The PCMRA mask contained 52 896 velocity values, of which 625 ± 38 were found to be aliased in the LV for scans with RPEAKGRAPPA = 2 and 565 ± 20 with RPEAKGRAPPA = 5. For DV reconstructions at z = 0%, 571 voxels were identified as aliased in the LV for RPEAKGRAPPA = 2 and 541 for RPEAKGRAPPA = 5. When the HV from that acquisition was applied to the LV of other acquisitions to generate Reference DV images, the number of voxels identified as aliased increased by an average of 42 ± 38 for RPEAKGRAPPA= 2 and 21 ± 20 for RPEAKGRAPPA = 5. There was no relationship between z and the number of additional voxels identified as aliased (p = 0.87 for RPEAKGRAPPA = 2 and 0.99 for RPEAKGRAPPA = 5).

In identification of aliased voxels from the Reference DV in the Zero‐Filled DV, the TPR ranged from 96.42% to 96.95% for RPEAKGRAPPA = 2 and from 98.10% to 98.71% for RPEAKGRAPPA = 5. 40 There was no relationship between z and TPR (p = 0.21 and 0.28, respectively, for RPEAKGRAPPA = 2 and 5).

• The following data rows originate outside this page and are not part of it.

(* Let $N\ge 2$ and $T\ge 1$ be integers, let $a_1,\ldots,a_N$ be real numbers with $a_1+\cdots+a_N=1$, and let $\mu_1,\ldots,\mu_T$ be real numbers. Let $J$ be the $((N-1)T+1)\times((N-1)T+1)$ real matrix defined as follows (with $e_k$ denoting the $k$-th standard basis row vector of length $(N-1)T+1$): - for $i=1,\ldots,(N-2)T+1$, the $i$-th row of $J$ is $e_{i+T}$; - for $m=1,\ldots,T$, the $((N-2)T+1+m)$-th row of $J$ is $r_m$, where $r_0:=e_{(N-1)T+1}$ and recursively $$r_m=\mu_m\Big(a_1\, r_{m-1}+\sum_{l=2}^{N} a_l\, e_{(N-l)T+m}\Big),\qquad m=1,\ldots,T.$$ Then the characteristic polynomial $\det(\lambda I-J)$ of $J$ equals $$p(\lambda)=\lambda^{(N-1)T+1}-(\mu_1\cdots\mu_T)\,\big(a_1\lambda^{N-1}+a_2\lambda^{N-2}+\cdots+a_{N-1}\lambda+a_N\big)^{T}.$$
   Context: Motivation/setting: for a $C^1$ map $f:\mathbb{R}\to\mathbb{R}$ with a $T$-cycle $x_0^*,\ldots,x_{T-1}^*$ and the delayed feedback control $x(k+1)=f(x(k))+u(k)$, $u(k)=(a_1-1)f(x(k))+a_2f(x(k-T))+\cdots+a_Nf(x(k-(N-1)T))$, define $G:\mathbb{R}^{(N-1)T+1}\to\mathbb{R}^{(N-1)T+1}$ by $G(x_1,\ldots,x_{(N-1)T+1})=(x_2,\ldots,x_{(N-1)T+1},\,a_1f(x_{(N-1)T+1})+a_2f(x_{(N-2)T+1})+\cdots+a_Nf(x_1))$ and $F=G^T$. The matrix $J$ above is the Jacobian of $F$ at the point $(x_0^*,\ldots,x^*_{(N-1)T})$ (indices mod $T$), with $\mu_j$ the derivatives of $f$ along the cycle; the statement concerns the explicitly defined matrix for arbitrary real $\mu_j$. *)

theory Defs
  imports "Jordan_Normal_Form.Char_Poly"
begin

(* Convention: indices of a and mu are 1-based (a 1 .. a N, mu 1 .. mu T), as in the paper.
   Matrix rows/columns are 0-based in Jordan_Normal_Form: the paper's e_k is the
   indicator of column k-1. *)

fun dfc_row :: "nat \<Rightarrow> nat \<Rightarrow> (nat \<Rightarrow> real) \<Rightarrow> (nat \<Rightarrow> real) \<Rightarrow> nat \<Rightarrow> (nat \<Rightarrow> real)" where
  "dfc_row N T a mu 0 = (\<lambda>j. if j = (N - 1) * T then 1 else 0)"
| "dfc_row N T a mu (Suc m) = (\<lambda>j. mu (Suc m) *
      (a 1 * dfc_row N T a mu m j
       + (\<Sum>l = 2..N. a l * (if j = (N - l) * T + Suc m - 1 then 1 else 0))))"

definition dfc_jacobian :: "nat \<Rightarrow> nat \<Rightarrow> (nat \<Rightarrow> real) \<Rightarrow> (nat \<Rightarrow> real) \<Rightarrow> real mat" where
  "dfc_jacobian N T a mu = mat ((N - 1) * T + 1) ((N - 1) * T + 1)
     (\<lambda>(i, j). if i < (N - 2) * T + 1 then (if j = i + T then 1 else 0)
               else dfc_row N T a mu (i + 1 - ((N - 2) * T + 1)) j)"

end

theory Submission
  imports Defs
begin

(* Fix x \<noteq> 0 and let S be the shift by T, so that the first (N-2)T+1 rows of x I - J are those
   of x I - S. Right multiplication by U = (I - S/x)\<^sup>-\<^sup>1 turns these rows into x e_i, and in the T
   feedback rows it maps each e_((N-l)T+m) to a power of 1/x times a single unit vector of the
   feedback block. Subtracting \<mu>_m a_1 times the previous feedback row then leaves, in that block,
   x I minus a subdiagonal chain with weights \<mu>_m x Q(x), Q(x) = \<Sigma> a_l x^-(l-1), closed by the entry
   \<mu>_1 Q(x) in the last column; one column operation on the last column makes the matrix lower
   triangular with diagonal x, ..., x, x - (\<Pi> \<mu>_m) Q(x)^T. All three transformations are
   unitriangular, so det(x I - J) = x^(n-1) (x - (\<Pi> \<mu>_m) Q(x)^T) = p(x) for every x \<noteq> 0. *)

lemma sum_indicator_mult:
  fixes f :: "'b \<Rightarrow> 'a::semiring_0"
  assumes "finite S" "p \<in> S"
  shows "(\<Sum>k\<in>S. (if k = p then c else 0) * f k) = c * f p"
  using assms by (simp add: if_distrib[of "\<lambda>z. z * _"] sum.delta cong: if_cong)

lemma sum_two_indicators_mult:
  fixes f :: "'b \<Rightarrow> 'a::ring"
  assumes "finite S"
  shows "(\<Sum>k\<in>S. ((if k = p then \<alpha> else 0) - (if k = q then \<beta> else 0)) * f k)
     = (if p \<in> S then \<alpha> * f p else 0) - (if q \<in> S then \<beta> * f q else 0)"
  using assms
  by (simp add: left_diff_distrib sum_subtractf if_distrib[of "\<lambda>z. z * _"] sum.delta cong: if_cong)

lemma poly_eqI_cofinite:
  fixes p q :: "'a::{idom, ring_char_0} poly"
  assumes "\<And>x. x \<notin> S \<Longrightarrow> poly p x = poly q x" and "finite S"
  shows "p = q"
proof (rule ccontr)
  assume "p \<noteq> q"
  then have "finite {x. poly (p - q) x = 0}" by (intro poly_roots_finite) simp
  moreover have "- S \<subseteq> {x. poly (p - q) x = 0}" using assms(1) by auto
  ultimately have "finite (S \<union> - S)" using assms(2) by (meson finite_UnI finite_subset)
  then show False using infinite_UNIV_char_0[where 'a='a] by simp
qed

(* The series \<Sigma>_q x^-q S^q = (I - S/x)\<^sup>-\<^sup>1 for the shift S by T: entry x^-q at (k, k + q T). *)
definition shift_resolvent_mat :: "nat \<Rightarrow> nat \<Rightarrow> 'a::field \<Rightarrow> 'a mat" where
  "shift_resolvent_mat n T x = mat n n (\<lambda>(k, c).
     if k \<le> c \<and> k mod T = c mod T then inverse x ^ ((c - k) div T) else 0)"

definition subdiag_elim_mat :: "nat \<Rightarrow> nat \<Rightarrow> (nat \<Rightarrow> 'a::comm_ring_1) \<Rightarrow> 'a mat" where
  "subdiag_elim_mat n K d = mat n n (\<lambda>(i, k).
     (if i = k then 1 else 0) - (if K < i \<and> k = i - 1 then d i else 0))"

definition last_col_elim_mat :: "nat \<Rightarrow> nat \<Rightarrow> (nat \<Rightarrow> 'a::comm_ring_1) \<Rightarrow> 'a mat" where
  "last_col_elim_mat n K y = mat n n (\<lambda>(k, c).
     (if k = c then 1 else 0) + (if c = n - 1 \<and> K \<le> k \<and> k < n - 1 then y k else 0))"

lemma det_shift_resolvent_mat: "det (shift_resolvent_mat n T x) = 1"
  by (subst det_upper_triangular[of _ n])
    (auto simp: shift_resolvent_mat_def upper_triangular_def prod_list_diag_prod)

lemma det_subdiag_elim_mat: "det (subdiag_elim_mat n K d) = 1"
  by (subst det_lower_triangular[of n])
    (auto simp: subdiag_elim_mat_def prod_list_diag_prod intro!: prod.neutral)

lemma det_last_col_elim_mat: "det (last_col_elim_mat n K y) = 1"
  by (subst det_upper_triangular[of _ n])
    (auto simp: last_col_elim_mat_def upper_triangular_def prod_list_diag_prod intro!: prod.neutral)

lemma subdiag_elim_mat_mult_entry:
  assumes "B \<in> carrier_mat n m" "i < n" "c < m"
  shows "(subdiag_elim_mat n K d * B) $$ (i, c) = B $$ (i, c) - (if K < i then d i * B $$ (i - 1, c) else 0)"
proof -
  have "(subdiag_elim_mat n K d * B) $$ (i, c) =
      (\<Sum>k\<in>{..<n}. ((if k = i then 1 else 0) - (if k = i - 1 then (if K < i then d i else 0) else 0)) * B $$ (k, c))"
    using assms by (auto simp: subdiag_elim_mat_def scalar_prod_def atLeast0LessThan intro!: sum.cong)
  also have "\<dots> = B $$ (i, c) - (if K < i then d i * B $$ (i - 1, c) else 0)"
    using assms by (subst sum_two_indicators_mult) auto
  finally show ?thesis .
qed

lemma mult_last_col_elim_mat_entry:
  assumes "B \<in> carrier_mat m n" "i < m" "c < n"
  shows "(B * last_col_elim_mat n K y) $$ (i, c) =
    B $$ (i, c) + (if c = n - 1 then (\<Sum>k\<in>{K..<n-1}. B $$ (i, k) * y k) else 0)"
proof -
  have "(B * last_col_elim_mat n K y) $$ (i, c) = (\<Sum>k<n. B $$ (i, k) * (if k = c then 1 else 0))
      + (\<Sum>k<n. if k \<in> {K..<n-1} then (if c = n - 1 then B $$ (i, k) * y k else 0) else 0)"
    using assms by (auto simp: last_col_elim_mat_def scalar_prod_def atLeast0LessThan
        distrib_left sum.distrib if_distrib[of "\<lambda>z. _ * z"] intro!: sum.cong)
  also have "(\<Sum>k<n. if k \<in> {K..<n-1} then (if c = n - 1 then B $$ (i, k) * y k else 0) else 0)
      = (if c = n - 1 then (\<Sum>k\<in>{K..<n-1}. B $$ (i, k) * y k) else 0)"
  proof (cases "c = n - 1")
    case True
    have "{..<n} \<inter> {K..<n-1} = {K..<n-1}" by auto
    then show ?thesis
      by (simp only: True refl if_True sum.inter_restrict[OF finite_lessThan, symmetric])
  next
    case False
    then show ?thesis by (simp only: if_False if_cancel sum.neutral_const)
  qed
  finally show ?thesis
    using assms by (simp add: if_distrib[of "\<lambda>z. _ * z"] sum.delta cong: if_cong)
qed

lemma sum_dfc_row_Suc_mult:
  assumes "\<And>l. l \<in> {2..N} \<Longrightarrow> (N - l) * T + m < n"
  shows "(\<Sum>k<n. dfc_row N T a mu (Suc m) k * u k) =
    mu (Suc m) * (a 1 * (\<Sum>k<n. dfc_row N T a mu m k * u k) + (\<Sum>l=2..N. a l * u ((N - l) * T + m)))"
proof -
  have "(\<Sum>k<n. dfc_row N T a mu (Suc m) k * u k) = mu (Suc m) * (a 1 * (\<Sum>k<n. dfc_row N T a mu m k * u k)
      + (\<Sum>l=2..N. a l * (\<Sum>k<n. (if k = (N - l) * T + m then 1 else 0) * u k)))"
    by (simp add: algebra_simps sum_distrib_left sum.distrib sum_distrib_right sum.swap[of _ "{2..N}"])
  also have "(\<Sum>l=2..N. a l * (\<Sum>k<n. (if k = (N - l) * T + m then 1 else 0) * u k))
      = (\<Sum>l=2..N. a l * u ((N - l) * T + m))"
    using assms by (intro sum.cong) (simp_all add: sum_indicator_mult)
  finally show ?thesis .
qed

3.2. In vitro hemodynamic quantification

Mean and peak velocities were computed based on each Zero‐Filled DV and its corresponding Reference DV for all segmented vessels. Mean and peak velocities through time at a single plane are shown in Supporting Information Figure S1, which is available online. For all values of R total, the results of plane‐wise Bland–Altman analysis for time‐averaged values of each of the 13 vessels are summarized in the form of an FDNG, as shown in Figure 5A–D for the exemplary cases of z = 80% and RPEAKGRAPPA = 2 and 5. Over all conditions tested, individual vessel mean velocity bias was 0.04 ± 0.19 cm/s and was highest (1.14 cm/s) in the RMCA at RPEAKGRAPPA = 2 and z = 80%. Peak velocity bias was 0.09 ± 0.68 cm/s and was highest (3.32 cm/s) in the RICA at RPEAKGRAPPA = 2 and z = 40%. None of the in vitro model's 13 vessels had statistically significant bias or offset in the Zero Filled DV relative to Reference DV in mean or peak velocity at any RZF value. Across all 13 vessels, Bland–Altman analysis was conducted as shown in Figure 5 for the exemplary cases of z = 80% and RPEAKGRAPPA = 2 and 5. Results for all conditions tested are tabulated in Table 2. ANOVA analysis shows no statistically significant relationship between R, z, or cross‐sectional area and Δpeak. There is a significant relationship between z (p = 0.01) and cross‐sectional area (6 × 10−4) and Δmean; linear modeling shows a significant difference between z = 20% and z = 80% (p = 0.002) but no other z values. The magnitude of the change in Δmean is 0.017 cm/s (0.02% of HV) per mm2.

FIGURE 5.

MRM-29306-FIG-0005-c

For mean velocity (cm/s) at RPEAKGRAPPA = 2 (A) and RPEAKGRAPPA = 5 (B), and for peak velocity (cm/s) at RPEAKGRAPPA = 2 (C) and RPEAKGRAPPA 5 (D), all with z = 80%, Bland–Altman plots for all cross‐sectional plane locations in the entire anatomy, and in vitro FDNG showing the anatomical distribution of differences (Bland–Altman bias), between Reference and Zero‐Filled DV. Bias and offset are indicated on the Bland–Altman plot where statistically significant. Vessels are labeled in (A)

TABLE 2.

Bland–Altman analysis results for mean and peak velocity, aggregated across all in vitro analysis planes

Mean velocity Peak velocity
Z (%) Bias (cm/s) Bias (% venc) Bias p‐value Limits of agreement (% mean) Bias (cm/s) Bias (% venc) Bias p‐value Limits of agreement (% mean)
RPEAKGRAPPA=2 20 0.12 0.11 0.003 −6.8 8.4 0.07 0.063 0.521 −6.7 7.0
40 0.06 0.055 0.108 −6.5 7.2 −0.07 −0.063 0.739 −13.3 13.0
60 0.04 0.036 0.185 −5.1 5.6 −0.02 −0.018 0.906 −8.4 8.4
80 0.01 0.0091 0.721 −3.7 3.8 0.15 0.013 0.093 −5.2 5.8
RPEAKGRAPPA=5 20 0.03 0.027 0.417 −7.3 7.7 0.08 0.073 0.765 −16.9 17.2
40 0.04 0.036 0.349 −7.4 7.9 0.34 0.31 0.047 −10.1 11.7
60 0.04 0.036 0.405 −7.9 8.4 0.04 0.036 0.857 −14.7 14.9
80 −0.08 0.072 0.044 −8.0 6.9 −0.13 −0.12 0.230 −7.0 6.4

Note: Upper and lower limits of agreement are given as a percentage of the mean reference value.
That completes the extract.